Memory Efficient Modular VLSI Architecture for Highthroughput and Low-Latency Implementation of Multilevel Lifting 2-D DWT

In this paper, we present a modular and pipeline architecture for lifting-based multilevel 2-D DWT, without using line-buffer and frame-buffer. Overall area-delay product is reduced in the proposed design by appropriate partitioning and scheduling of the computation of individual decomposition-levels. The processing for different levels is performed by a cascaded pipeline structure to maximize the hardware utilization efficiency (HUE). Moreover, the proposed structure is scalable for high-throughput and area-constrained implementation. We have removed all the redundancies resulting from decimated wavelet filtering to maximize the HUE. The proposed design involves L pyramid algorithm (PA) units and one recursive pyramid algorithm (RPA) unit, where R=N/P , L=⌈log₄P̅ ⌉ and P is the input block size, M and N, respectively, being the height and width of the image.
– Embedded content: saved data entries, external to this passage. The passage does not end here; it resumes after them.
definition scalar_solution :: "nat \<Rightarrow> nat \<Rightarrow> real" where
  "scalar_solution n l =
     (\<Sum>i\<le>l. (-1) ^ (l + i) * pochhammer (2 * of_nat i) n / (fact (l - i) * fact i))"

lemma scalar_solution_0_right: "scalar_solution n 0 = (if n = 0 then 1 else 0)"
  by (simp add: scalar_solution_def pochhammer_0_left)

lemma scalar_solution_0_left: "scalar_solution 0 l = (if l = 0 then 1 else 0)"
proof -
  have "scalar_solution 0 l = (-1) ^ l / fact l * (\<Sum>i\<le>l. (-1) ^ i * of_nat (l choose i))"
    unfolding scalar_solution_def sum_distrib_left
    by (intro sum.cong refl) (simp add: binomial_fact power_add field_simps)
  then show ?thesis
    by (cases "l = 0") (simp_all add: choose_alternating_sum)
qed

lemma scalar_solution_recursion:
  "(\<Sum>k\<le>n. of_nat (n choose k) * fact (n - k + 2) * scalar_solution k l)
     = scalar_solution (Suc n) (Suc l)"
proof -
  have step: "(-1) ^ (l + i) / (fact (l - i) * fact i)
        * (\<Sum>k\<le>n. of_nat (n choose k) * fact (n - k + 2) * pochhammer (2 * of_nat i) k)
      = (-1) ^ (Suc l + Suc i) * pochhammer (2 * of_nat (Suc i)) (Suc n)
        / (fact (Suc l - Suc i) * fact (Suc i) :: real)" for i
  proof -
    define p where "p = pochhammer (2 * of_nat i + 3 :: real) n"
    have "pochhammer (2 * of_nat (Suc i)) (Suc n) = 2 * of_nat (Suc i) * p"
      unfolding p_def by (simp add: pochhammer_rec algebra_simps)
    moreover have "fact (Suc i) = of_nat (Suc i) * (fact i :: real)"
      by (rule fact_Suc)
    ultimately show ?thesis
      unfolding binomial_sum_fact_pochhammer p_def[symmetric]
      by (simp del: of_nat_Suc fact_Suc)
  qed
  have "(\<Sum>k\<le>n. of_nat (n choose k) * fact (n - k + 2) * scalar_solution k l)
      = (\<Sum>i\<le>l. (-1) ^ (l + i) / (fact (l - i) * fact i)
          * (\<Sum>k\<le>n. of_nat (n choose k) * fact (n - k + 2) * pochhammer (2 * of_nat i) k))"
    unfolding scalar_solution_def sum_distrib_left sum_distrib_right
    by (subst sum.swap) (intro sum.cong refl, simp add: field_simps)
  also have "\<dots> = scalar_solution (Suc n) (Suc l)"
    unfolding step scalar_solution_def by (subst sum.atMost_Suc_shift) (simp add: pochhammer_0_left)
  finally show ?thesis .
qed

lemma scalar_solution_eq_0: "n < l \<Longrightarrow> scalar_solution n l = 0"
proof (induction n arbitrary: l rule: less_induct)
  case (less n)
  show ?case
  proof (cases n)
    case 0
    with less.prems show ?thesis by (simp add: scalar_solution_0_left)
  next
    case (Suc n')
    with less.prems obtain l' where l: "l = Suc l'" and "n' < l'" by (cases l) auto
    have "scalar_solution n l
        = (\<Sum>k\<le>n'. of_nat (n' choose k) * fact (n' - k + 2) * scalar_solution k l')"
      unfolding Suc l by (rule scalar_solution_recursion[symmetric])
    also have "\<dots> = 0"
      using less.IH \<open>n' < l'\<close> Suc by (intro sum.neutral ballI) simp
    finally show ?thesis .
  qed
qed

lemma scalar_solution_closed_form:
  assumes "1 \<le> n"
  shows "scalar_solution n l = (\<Sum>k=1..l. (-1) ^ (l + k) * fact (n + 2 * k - 1)
                                   / (fact (2 * k - 1) * fact (l - k) * fact k))"
proof -
  have pochhammer_eq: "pochhammer (2 * of_nat k) n = (fact (n + 2 * k - 1) / fact (2 * k - 1) :: real)"
    if "1 \<le> k" for k
    using pochhammer_of_nat_Suc[of "2 * k - 1" n, where 'a = real] that by (simp add: add.commute)
  have "{..l} = insert 0 {1..l}" by auto
  then have "scalar_solution n l
      = (\<Sum>k=1..l. (-1) ^ (l + k) * pochhammer (2 * of_nat k) n / (fact (l - k) * fact k))"
    using assms unfolding scalar_solution_def by (simp add: pochhammer_0_left)
  also have "\<dots> = (\<Sum>k=1..l. (-1) ^ (l + k) * fact (n + 2 * k - 1)
                                   / (fact (2 * k - 1) * fact (l - k) * fact k))"
    by (intro sum.cong refl) (simp add: pochhammer_eq)
  finally show ?thesis .
qed

section \<open>Multi-indices\<close>

lemma msupp_madd: "msupp (madd a b) = msupp a \<union> msupp b"
  by (auto simp: msupp_def madd_def)

lemma msupp_unitidx: "msupp (unitidx j) = {j}"
  by (auto simp: msupp_def unitidx_def)

lemma msupp_mono: "mle m \<nu> \<Longrightarrow> msupp m \<subseteq> msupp \<nu>"
  unfolding msupp_def mle_def by (auto intro: neq0_conv[THEN iffD2] less_le_trans)

lemma finsupp_madd: "finsupp a \<Longrightarrow> finsupp b \<Longrightarrow> finsupp (madd a b)"
  by (simp add: finsupp_def msupp_madd)

lemma finsupp_unitidx: "finsupp (unitidx j)"
  by (simp add: finsupp_def msupp_unitidx)

lemma finsupp_mle: "mle m \<nu> \<Longrightarrow> finsupp \<nu> \<Longrightarrow> finsupp m"
  unfolding finsupp_def by (rule finite_subset[OF msupp_mono])

lemma finsupp_msub: "finsupp \<nu> \<Longrightarrow> finsupp (msub \<nu> m)"
  unfolding finsupp_def by (rule finite_subset[of _ "msupp \<nu>"]) (auto simp: msupp_def msub_def)

lemma mabs_eq_sum: "finite S \<Longrightarrow> msupp \<nu> \<subseteq> S \<Longrightarrow> mabs \<nu> = (\<Sum>j\<in>S. \<nu> j)"
  unfolding mabs_def by (rule sum.mono_neutral_left) (auto simp: msupp_def)

lemma mpow_eq_prod: "finite S \<Longrightarrow> msupp \<nu> \<subseteq> S \<Longrightarrow> mpow \<rho> \<nu> = (\<Prod>j\<in>S. \<rho> j ^ \<nu> j)"
  unfolding mpow_def by (rule prod.mono_neutral_left) (auto simp: msupp_def)

lemma mbinom_eq_prod:
  assumes "finite S" and "msupp \<nu> \<subseteq> S" and "mle m \<nu>"
  shows "mbinom \<nu> m = (\<Prod>j\<in>S. \<nu> j choose m j)"
  unfolding mbinom_def
proof (rule prod.mono_neutral_left[OF assms(1,2)])
  show "\<forall>i\<in>S - msupp \<nu>. \<nu> i choose m i = 1"
  proof
    fix i assume "i \<in> S - msupp \<nu>"
    moreover have "m i \<le> \<nu> i" using assms(3) by (simp add: mle_def)
    ultimately show "\<nu> i choose m i = 1" by (simp add: msupp_def)
  qed
qed

lemma mabs_madd:
  assumes "finsupp a" and "finsupp b"
  shows "mabs (madd a b) = mabs a + mabs b"
proof -
  let ?S = "msupp a \<union> msupp b"
  have "finite ?S" using assms by (simp add: finsupp_def)
  then have "mabs (madd a b) = (\<Sum>j\<in>?S. madd a b j)" and "mabs a = (\<Sum>j\<in>?S. a j)"
    and "mabs b = (\<Sum>j\<in>?S. b j)"
    by (auto intro!: mabs_eq_sum simp: msupp_madd)
  then show ?thesis by (simp add: madd_def sum.distrib)
qed

lemma mpow_madd:
  assumes "finsupp a" and "finsupp b"
  shows "mpow \<rho> (madd a b) = mpow \<rho> a * mpow \<rho> b"
proof -
  let ?S = "msupp a \<union> msupp b"
  have "finite ?S" using assms by (simp add: finsupp_def)
  then have "mpow \<rho> (madd a b) = (\<Prod>j\<in>?S. \<rho> j ^ madd a b j)"
    and "mpow \<rho> a = (\<Prod>j\<in>?S. \<rho> j ^ a j)" and "mpow \<rho> b = (\<Prod>j\<in>?S. \<rho> j ^ b j)"
    by (auto intro!: mpow_eq_prod simp: msupp_madd)
  then show ?thesis by (simp add: madd_def power_add prod.distrib)
qed

lemma mabs_unitidx: "mabs (unitidx j) = 1"
  unfolding mabs_def msupp_unitidx by (simp add: unitidx_def)

lemma mabs_madd_unitidx: "finsupp \<nu> \<Longrightarrow> mabs (madd \<nu> (unitidx j)) = Suc (mabs \<nu>)"
  by (simp add: mabs_madd finsupp_unitidx mabs_unitidx)

lemma mabs_eq_0_iff: "finsupp \<nu> \<Longrightarrow> mabs \<nu> = 0 \<longleftrightarrow> \<nu> = (\<lambda>_. 0)"
  by (auto simp: mabs_def finsupp_def msupp_def)

lemma mabs_mono:
  assumes "mle m \<nu>" and "finsupp \<nu>"
  shows "mabs m \<le> mabs \<nu>"
proof -
  have "mabs m = (\<Sum>j\<in>msupp \<nu>. m j)"
    using assms msupp_mono by (intro mabs_eq_sum) (auto simp: finsupp_def)
  also have "\<dots> \<le> mabs \<nu>"
    using assms(1) unfolding mabs_def mle_def by (intro sum_mono) simp
  finally show ?thesis .
qed

lemma mpow_nonneg: "(\<And>j. \<rho> j \<ge> 0) \<Longrightarrow> mpow \<rho> \<nu> \<ge> 0"
  unfolding mpow_def by (intro prod_nonneg zero_le_power) auto

lemma mpow_zero: "mpow \<rho> (\<lambda>_. 0) = 1"
  by (simp add: mpow_def msupp_def)

lemma mpow_msub_madd_unitidx:
  assumes "mle m \<nu>" and "finsupp \<nu>"
  shows "mpow \<rho> (madd (msub \<nu> m) (unitidx j)) * mpow \<rho> m = mpow \<rho> (madd \<nu> (unitidx j))"
proof -
  have "madd (madd (msub \<nu> m) (unitidx j)) m = madd \<nu> (unitidx j)"
  proof
    fix i
    have "m i \<le> \<nu> i" using assms(1) by (simp add: mle_def)
    then show "madd (madd (msub \<nu> m) (unitidx j)) m i = madd \<nu> (unitidx j) i"
      by (simp add: madd_def msub_def)
  qed
  moreover have "finsupp (madd (msub \<nu> m) (unitidx j))" and "finsupp m"
    using assms by (simp_all add: finsupp_madd finsupp_msub finsupp_unitidx finsupp_mle)
  ultimately show ?thesis by (metis mpow_madd)
qed

lemma finite_mle: "finsupp \<nu> \<Longrightarrow> finite {m. mle m \<nu>}"
proof -
  assume "finsupp \<nu>"
  let ?S = "msupp \<nu>" and ?ext = "\<lambda>g i. if i \<in> msupp \<nu> then g i else 0"
  have "{m. mle m \<nu>} \<subseteq> ?ext ` PiE ?S (\<lambda>i. {0..\<nu> i})"
  proof
    fix m assume "m \<in> {m. mle m \<nu>}"
    then have le: "m i \<le> \<nu> i" for i by (simp add: mle_def)
    have "m = ?ext (restrict m ?S)"
    proof
      fix i show "m i = ?ext (restrict m ?S) i" using le[of i] by (simp add: msupp_def)
    qed
    moreover have "restrict m ?S \<in> PiE ?S (\<lambda>i. {0..\<nu> i})"
      using le by (simp add: restrict_PiE_iff)
    ultimately show "m \<in> ?ext ` PiE ?S (\<lambda>i. {0..\<nu> i})" by (rule image_eqI)
  qed
  moreover have "finite (PiE ?S (\<lambda>i. {0..\<nu> i}))"
    using \<open>finsupp \<nu>\<close> by (simp add: finsupp_def finite_PiE)
  ultimately show ?thesis by (rule finite_subset[OF _ finite_imageI])
qed

lemma finsupp_eq_madd_unitidx:
  assumes "finsupp \<nu>" and "\<nu> \<noteq> (\<lambda>_. 0)"
  obtains \<nu>' j where "finsupp \<nu>'" and "\<nu> = madd \<nu>' (unitidx j)"
proof -
  obtain j where j: "\<nu> j \<noteq> 0" using assms(2) by auto
  have "finsupp (\<nu>(j := \<nu> j - 1))"
    using assms(1) unfolding finsupp_def by (rule finite_subset[rotated]) (auto simp: msupp_def)
  moreover have "\<nu> = madd (\<nu>(j := \<nu> j - 1)) (unitidx j)"
    using j by (auto simp: madd_def unitidx_def)
  ultimately show ?thesis by (rule that)
qed

lemma mle_fun_upd_pred:
  assumes "mle m (madd \<nu> (unitidx j))"
  shows "mle (m(j := m j - 1)) \<nu>"
  unfolding mle_def
proof
  fix i
  have "m i \<le> \<nu> i + (if i = j then 1 else 0)"
    using assms by (simp add: mle_def madd_def unitidx_def)
  then show "(m(j := m j - 1)) i \<le> \<nu> i" by (cases "i = j") auto
qed

lemma madd_unitidx_fun_upd_pred: "m j \<noteq> 0 \<Longrightarrow> madd (m(j := m j - 1)) (unitidx j) = m"
  by (auto simp: madd_def unitidx_def)

lemma fun_upd_pred_madd_unitidx: "(madd m (unitidx j))(j := madd m (unitidx j) j - 1) = m"
  by (auto simp: madd_def unitidx_def)

lemma mbinom_madd_unitidx:
  assumes "finsupp \<nu>" and le: "mle m (madd \<nu> (unitidx j))"
  shows "mbinom (madd \<nu> (unitidx j)) m
           = (if mle m \<nu> then mbinom \<nu> m else 0)
             + (if m j = 0 then 0 else mbinom \<nu> (m(j := m j - 1)))"
proof -
  let ?N = "madd \<nu> (unitidx j)" and ?S = "insert j (msupp \<nu>)"
  define Q where "Q m' = (\<Prod>i\<in>?S - {j}. \<nu> i choose m' i)" for m'
  have S: "finite ?S" "j \<in> ?S" "msupp \<nu> \<subseteq> ?S" "msupp ?N \<subseteq> ?S"
    using assms(1) by (auto simp: finsupp_def msupp_madd msupp_unitidx)
  have N: "?N j = Suc (\<nu> j)" "\<And>i. i \<noteq> j \<Longrightarrow> ?N i = \<nu> i"
    by (simp_all add: madd_def unitidx_def)
  have split: "mbinom \<mu> m' = (\<mu> j choose m' j) * (\<Prod>i\<in>?S - {j}. \<mu> i choose m' i)"
    if "msupp \<mu> \<subseteq> ?S" and "mle m' \<mu>" for \<mu> m'
    using mbinom_eq_prod[OF S(1) that] prod.remove[OF S(1,2)] by simp
  have "(\<Prod>i\<in>?S - {j}. ?N i choose m i) = Q m"
    unfolding Q_def by (intro prod.cong) (auto simp: N(2))
  then have "mbinom ?N m = (Suc (\<nu> j) choose m j) * Q m"
    by (simp add: split[OF S(4) le] N(1))
  also have "\<dots> = (\<nu> j choose m j) * Q m + (if m j = 0 then 0 else (\<nu> j choose (m j - 1)) * Q m)"
    by (cases "m j") (simp_all add: algebra_simps)
  also have "(\<nu> j choose m j) * Q m = (if mle m \<nu> then mbinom \<nu> m else 0)"
  proof (cases "mle m \<nu>")
    case True
    then show ?thesis by (simp add: split[OF S(3)] Q_def)
  next
    case False
    then obtain i where "\<nu> i < m i" by (auto simp: mle_def not_le)
    moreover have "m i \<le> ?N i" using le by (simp add: mle_def)
    ultimately have "\<nu> j < m j" using N by (cases "i = j") auto
    with False show ?thesis by simp
  qed
  also have "(if m j = 0 then 0 else (\<nu> j choose (m j - 1)) * Q m)
           = (if m j = 0 then 0 else mbinom \<nu> (m(j := m j - 1)))"
  proof -
    have "(\<Prod>i\<in>?S - {j}. \<nu> i choose (m(j := m j - 1)) i) = Q m"
      unfolding Q_def by (intro prod.cong) auto
    then have "mbinom \<nu> (m(j := m j - 1)) = (\<nu> j choose (m j - 1)) * Q m"
      using split[OF S(3) mle_fun_upd_pred[OF le]] by simp
    then show ?thesis by simp
  qed
  finally show ?thesis .
qed

lemma sum_mle_madd_unitidx_shift:
  "(\<Sum>m\<in>{m. mle m (madd \<nu> (unitidx j)) \<and> m j \<noteq> 0}. g m)
     = (\<Sum>m\<in>{m. mle m \<nu>}. g (madd m (unitidx j)))"
proof (rule sum.reindex_bij_witness[where i = "\<lambda>m. madd m (unitidx j)" and j = "\<lambda>m. m(j := m j - 1)"])
  fix m assume "m \<in> {m. mle m (madd \<nu> (unitidx j)) \<and> m j \<noteq> 0}"
  then have "mle m (madd \<nu> (unitidx j))" and "m j \<noteq> 0" by auto
  then show "madd (m(j := m j - 1)) (unitidx j) = m" and "m(j := m j - 1) \<in> {m. mle m \<nu>}"
    and "g (madd (m(j := m j - 1)) (unitidx j)) = g m"
    using madd_unitidx_fun_upd_pred[of m j] mle_fun_upd_pred[of m \<nu> j] by auto
next
  fix m assume "m \<in> {m. mle m \<nu>}"
  then show "(madd m (unitidx j))(j := madd m (unitidx j) j - 1) = m"
    and "madd m (unitidx j) \<in> {m. mle m (madd \<nu> (unitidx j)) \<and> m j \<noteq> 0}"
    by (auto simp: fun_upd_pred_madd_unitidx mle_def madd_def unitidx_def)
qed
The entire multilevel DWT is computed by the proposed structure in MR cycles. The proposed structure has O(8R×2L) cycles of output latency, which is very small compared to the latency of the existing structures. Interestingly, the proposed structure does not require any line-buffer or frame-buffer, unlike the existing folded structures which otherwise require a line-buffer of size O(N) and frame-buffer of size O(M/2×N/2) for multilevel 2-D computation. Instead of those buffers, the proposed structure involves only local registers and RAM of size O(N). The saving of line-buffer and frame-buffer achieved by the proposed design is an important advantage, since the image size could very often be as large as 512 × 512. From the simulation results we find that, the proposed scalable structure offers better slice-delay-product (SDP) for higher throughput of implementation since the on-chip memory of this structure remains almost unchanged with input block size. It has 17% less SDP than the best of the corresponding existing structures on average, for different input-block sizes and image sizes. It involves 1.92 times more transistors, but offers 12.2 times higher throughput and consumes 52% less power per output (PPO) compared to the other, on average for different input sizes.